Face aux centaines de fiches SST remplies par les collègues du département, nos questions sont nombreuses et nous attendons des réponses concrètes et urgentes :
- quelles mesures l’Administration prend-elle pour assurer de bonnes conditions de travail dans plusieurs écoles et établissements où certains collègues semblent appeler au secours une hiérarchie qui n’apporte pas de solution (notamment l’école Hélène Boucher à Gruchet le Valasse, l’école de St-Eustache la forêt, l’école Louis de St-Just au Petit-Quevilly, l’école Sonia Delaunay à Dieppe, collège Mandela à Elbeuf, collège Pierre-Mendès France à Lillebonne...) ?
- Comment l’Administration agit-elle face aux nombreuses situations de violence physique subies par les personnels, en particulier par les AESH ?
- Comment l’Administration intègre-t-elle dans un éventuel programme de prévention des risques ces nombreuses situations de travail dégradées et consignées dans le RSST ?
- Comment va-t-elle former les personnels, et en particulier ses cadres qui sont responsables de la sécurité et des conditions de travail mais ne sont pour la plupart guère formés ?

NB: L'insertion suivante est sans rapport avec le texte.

(* Let $\mathbb{A}$ be a 2-category having the two-dimensional cokernel diagram of a 1-cell $p:e\to b$. Then: (1) $p$ is monadic if and only if $p$ has a left adjoint and $p$ is an effective faithful morphism; (2) $p$ is comonadic if and only if $p$ has a right adjoint and $p$ is an effective faithful morphism.
   Context: A 2-category is a $\mathbf{Cat}$-enriched category; composition of 1-cells is juxtaposition, vertical composition of 2-cells is $\cdot$, horizontal composition is $\ast$, $\mathrm{id}_f$ is the identity 2-cell on $f$. $\mathbb{A}^{\mathrm{co}}$ is obtained by reversing 2-cells. A 1-cell is an equivalence if it has a pseudo-inverse up to invertible 2-cells. Adjunctions in $\mathbb{A}$ are given by unit and counit 2-cells satisfying the triangle identities. Opcomma object of $p$ along itself: $b\uparrow_p b$ with $\delta^0,\delta^1:b\to b\uparrow_pb$ and $\alpha:\delta^1p\Rightarrow\delta^0p$ such that for every $y$, $h\mapsto(h\delta^0,h\delta^1,\mathrm{id}_h\ast\alpha)$, $\xi\mapsto(\xi\ast\mathrm{id}_{\delta^0},\xi\ast\mathrm{id}_{\delta^1})$ is an isomorphism from $\mathbb{A}(b\uparrow_pb,y)$ onto the category of triples $(h_0,h_1:b\to y,\beta:h_1p\Rightarrow h_0p)$ with morphisms pairs $(\xi_0,\xi_1)$ with $(\xi_0\ast\mathrm{id}_p)\cdot\beta=\beta'\cdot(\xi_1\ast\mathrm{id}_p)$. A two-dimensional pushout of a span $f_0:c\to c_0$, $f_1:c\to c_1$ is $P$ with $q_0,q_1$, $q_0f_0=q_1f_1$, such that $k\mapsto(kq_0,kq_1)$ is an isomorphism from $\mathbb{A}(P,y)$ onto the category of pairs $(k_0,k_1)$ with $k_0f_0=k_1f_1$ and morphisms pairs of 2-cells $(\xi_0,\xi_1)$ with $\xi_0\ast\mathrm{id}_{f_0}=\xi_1\ast\mathrm{id}_{f_1}$. $\mathbb{A}$ has the two-dimensional cokernel diagram of $p$ if it has $b\uparrow_pb$ and a two-dimensional pushout $b\uparrow_pb\uparrow_pb$ of $(\delta^0,\delta^1)$ with $D^0,D^2$, $D^2\delta^0=D^0\delta^1$; $D^1$ is the unique 1-cell with $D^1\delta^1=D^2\delta^1$, $D^1\delta^0=D^0\delta^0$, $\mathrm{id}_{D^1}\ast\alpha=(\mathrm{id}_{D^0}\ast\alpha)\cdot(\mathrm{id}_{D^2}\ast\alpha)$; $s^0$ is the unique 1-cell with $s^0\delta^0=s^0\delta^1=\mathrm{id}_b$, $\mathrm{id}_{s^0}\ast\alpha=\mathrm{id}_p$. Effective faithful: $\mathrm{Desc}_p(y)$ has objects $(h:y\to b,\beta:\delta^1h\Rightarrow\delta^0h)$ with $(\mathrm{id}_{D^0}\ast\beta)\cdot(\mathrm{id}_{D^2}\ast\beta)=\mathrm{id}_{D^1}\ast\beta$, $\mathrm{id}_{s^0}\ast\beta=\mathrm{id}_h$, morphisms 2-cells $\xi:h_1\Rightarrow h_0$ with $\beta_0\cdot(\mathrm{id}_{\delta^1}\ast\xi)=(\mathrm{id}_{\delta^0}\ast\xi)\cdot\beta_1$; a lax descent object is $L$ with $d:L\to b$, $\Psi:\delta^1d\Rightarrow\delta^0d$ such that $g\mapsto(dg,\Psi\ast\mathrm{id}_g)$, $\xi\mapsto\mathrm{id}_d\ast\xi$ is an isomorphism $\mathbb{A}(y,L)\cong\mathrm{Desc}_p(y)$ for all $y$; $p^H$ is unique with $dp^H=p$, $\Psi\ast\mathrm{id}_{p^H}=\alpha$. $p$ is an effective faithful morphism if $\mathbb{A}$ has the two-dimensional cokernel diagram of $p$, a lax descent object of it, and $p^H$ is an equivalence. Monadic: a right Kan extension of $f$ along $g$ is $(r,\gamma:rg\Rightarrow f)$ with $\beta\mapsto\gamma\cdot(\beta\ast\mathrm{id}_g)$ bijective from 2-cells $k\Rightarrow r$ to 2-cells $kg\Rightarrow f$. The codensity monad of $p$ is $(b,t,m,\eta)$ where $(t,\gamma)$ is a right Kan extension of $p$ along $p$, $m$ unique with $\gamma\cdot(m\ast\mathrm{id}_p)=\gamma\cdot(\mathrm{id}_t\ast\gamma)$, $\eta$ unique with $\gamma\cdot(\eta\ast\mathrm{id}_p)=\mathrm{id}_p$. An Eilenberg–Moore object of $\mathsf{T}=(b,t,m,\eta)$ is $b^{\mathsf{T}}$ with $u:b^{\mathsf{T}}\to b$, $\mu:tu\Rightarrow u$ such that $g\mapsto(ug,\mu\ast\mathrm{id}_g)$ is an isomorphism from $\mathbb{A}(y,b^{\mathsf{T}})$ onto the category of pairs $(h,\beta:th\Rightarrow h)$ with $\beta\cdot(\mathrm{id}_t\ast\beta)=\beta\cdot(m\ast\mathrm{id}_h)$, $\beta\cdot(\eta\ast\mathrm{id}_h)=\mathrm{id}_h$ (morphisms $\xi$ with $\xi\cdot\beta_1=\beta_0\cdot(\mathrm{id}_t\ast\xi)$). $p$ is monadic if it has a codensity monad $\mathsf{T}$, $\mathbb{A}$ has an Eilenberg–Moore object of $\mathsf{T}$, and the unique $p^{\mathsf{T}}$ with $up^{\mathsf{T}}=p$, $\mu\ast\mathrm{id}_{p^{\mathsf{T}}}=\gamma$ is an equivalence. $p$ is comonadic if the corresponding 1-cell of $\mathbb{A}^{\mathrm{co}}$ is monadic in $\mathbb{A}^{\mathrm{co}}$. *)

theory Defs
  imports Main
begin

text \<open>Objects of type 'o, 1-cells of type 'a, 2-cells of type 'c.
  cmp g f is the juxtaposition g f (first f, then g);
  vc b a is the vertical composite b . a (first a, then b);
  hc b a is the horizontal composite b * a (b on the left).\<close>

record ('o, 'a, 'c) twocat_data =
  Ob   :: "'o set"
  Ar   :: "'a set"
  Ce   :: "'c set"
  src1 :: "'a \<Rightarrow> 'o"
  trg1 :: "'a \<Rightarrow> 'o"
  dom2 :: "'c \<Rightarrow> 'a"
  cod2 :: "'c \<Rightarrow> 'a"
  cmp  :: "'a \<Rightarrow> 'a \<Rightarrow> 'a"
  ide1 :: "'o \<Rightarrow> 'a"
  vc   :: "'c \<Rightarrow> 'c \<Rightarrow> 'c"
  hc   :: "'c \<Rightarrow> 'c \<Rightarrow> 'c"
  id2  :: "'a \<Rightarrow> 'c"

definition hom1 :: "('o,'a,'c,'z) twocat_data_scheme \<Rightarrow> 'o \<Rightarrow> 'o \<Rightarrow> 'a set" where
  "hom1 C x y = {f \<in> Ar C. src1 C f = x \<and> trg1 C f = y}"

definition hom2 :: "('o,'a,'c,'z) twocat_data_scheme \<Rightarrow> 'a \<Rightarrow> 'a \<Rightarrow> 'c set" where
  "hom2 C f g = {\<xi> \<in> Ce C. dom2 C \<xi> = f \<and> cod2 C \<xi> = g}"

- Quand l’Administration va-t-elle enfin intégrer le rôle des organisations du travail dans la souffrance au travail, ce que préconisait déjà clairement le Sénat dans un rapport de 2012 portant sur l’Education nationale ?
La CGT Educ’action 76 n’a pas d’autre priorité au sein de ce CHSCT que de permettre à tous nos collègues de travailler en bonne santé afin que chacun contribue à la noble mission qui est la nôtre : enseigner, transmettre des connaissances et faire de nos jeunes des citoyens libres et altruistes.
Le CHSCT est l’instance privilégiée pour agir avec ef-fi-ca-ci-té. La CGT Educ’action 76 y apporte sa contribution avec exigence et de la manière la plus unitaire possible avec nos camarades des autres organisations syndicales. Pour ne pas perdre sa vie à la gagner.